HERE has transformed itself from a maps company to a spatial computing and visualization power house. What’s next?
Christopher Lawton (CL): A number of trends are converging to make location the key driver of innovation. Today’s leading businesses require seamless access to location, as it plays a vital role in a variety of their services and applications. Advances in connectivity, the internet of things, social networking and mobile devices are driving demand for cloud based location services. At the same time, the proliferation of affordable sensors is opening up new possibilities and new business models around location. We are entering a world where everything can be mapped and represented in multiple dimensions. Not only can places can be mapped with digital 3D abstractions, but the movement of people and objects can also be charted, providing a rich source of fresh data that brings the map to life.
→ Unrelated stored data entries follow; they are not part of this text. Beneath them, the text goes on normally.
lemma gamma_mixture_symmetric:
  assumes c: "0 < c" and b: "0 < b" and t: "0 < t"
  shows "bind (gamma_proc_law 1 c t) (\<lambda>s. gamma_proc_law 2 b (2 * \<bar>s\<bar>))
       = bind (gamma_proc_law 1 b t) (\<lambda>s. gamma_proc_law 2 c (2 * \<bar>s\<bar>))"
proof (rule measure_eqI)
  have sets_mixture: "sets (bind (gamma_proc_law 1 a t) (\<lambda>s. gamma_proc_law 2 a' (2 * \<bar>s\<bar>))) = sets borel"
    if "0 < a'" for a a'
    by (rule sets_bind_measurable[OF gamma_kernel_measurable[OF _ that]]) (simp_all add: gamma_proc_law_def)
  show "sets (bind (gamma_proc_law 1 c t) (\<lambda>s. gamma_proc_law 2 b (2 * \<bar>s\<bar>)))
      = sets (bind (gamma_proc_law 1 b t) (\<lambda>s. gamma_proc_law 2 c (2 * \<bar>s\<bar>)))"
    using sets_mixture[OF b] sets_mixture[OF c] by simp
  fix A assume "A \<in> sets (bind (gamma_proc_law 1 c t) (\<lambda>s. gamma_proc_law 2 b (2 * \<bar>s\<bar>)))"
  then have A [measurable]: "A \<in> sets borel" using sets_mixture[OF b] by simp
  have "emeasure (bind (gamma_proc_law 1 c t) (\<lambda>s. gamma_proc_law 2 b (2 * \<bar>s\<bar>))) A
      = (\<integral>\<^sup>+u. \<integral>\<^sup>+y. ennreal (gamma_proc_density 1 c 1 u) * ennreal (gamma_proc_density 1 b 1 y)
            * indicator A (sqrt (2 * t * u * y)) \<partial>lborel \<partial>lborel)"
    by (rule emeasure_gamma_mixture[OF c b t A])
  also have "\<dots> = (\<integral>\<^sup>+y. \<integral>\<^sup>+u. ennreal (gamma_proc_density 1 c 1 u) * ennreal (gamma_proc_density 1 b 1 y)
            * indicator A (sqrt (2 * t * u * y)) \<partial>lborel \<partial>lborel)"
    by (rule lborel_pair.Fubini'[symmetric]) measurable
  also have "\<dots> = (\<integral>\<^sup>+u. \<integral>\<^sup>+y. ennreal (gamma_proc_density 1 b 1 u) * ennreal (gamma_proc_density 1 c 1 y)
            * indicator A (sqrt (2 * t * u * y)) \<partial>lborel \<partial>lborel)"
    by (simp only: mult_ac)
  also have "\<dots> = emeasure (bind (gamma_proc_law 1 b t) (\<lambda>s. gamma_proc_law 2 c (2 * \<bar>s\<bar>))) A"
    by (rule emeasure_gamma_mixture[OF b c t A, symmetric])
  finally show "emeasure (bind (gamma_proc_law 1 c t) (\<lambda>s. gamma_proc_law 2 b (2 * \<bar>s\<bar>))) A
      = emeasure (bind (gamma_proc_law 1 b t) (\<lambda>s. gamma_proc_law 2 c (2 * \<bar>s\<bar>))) A" .
qed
As the only pure play location company with global reach in the market today, HERE is in a prime position to take advantage of these trends in location. HERE is building on our foundation as the leading map content company to become the leading location cloud company. Our ambition is to reinvent the map, making it the prime source of location intelligence for businesses across industries, capable of providing fresh, predictive and highly contextual answers for every question.
For example, our Enterprise business at HERE helps companies and organizations understand and analyze their operations and assets using our location data and tools. With an advanced understanding of both their mobile and fixed assets, companies can gain new insights into their businesses that help them boost productivity and efficiency. The result is a better top-line and bottom-line for our customers.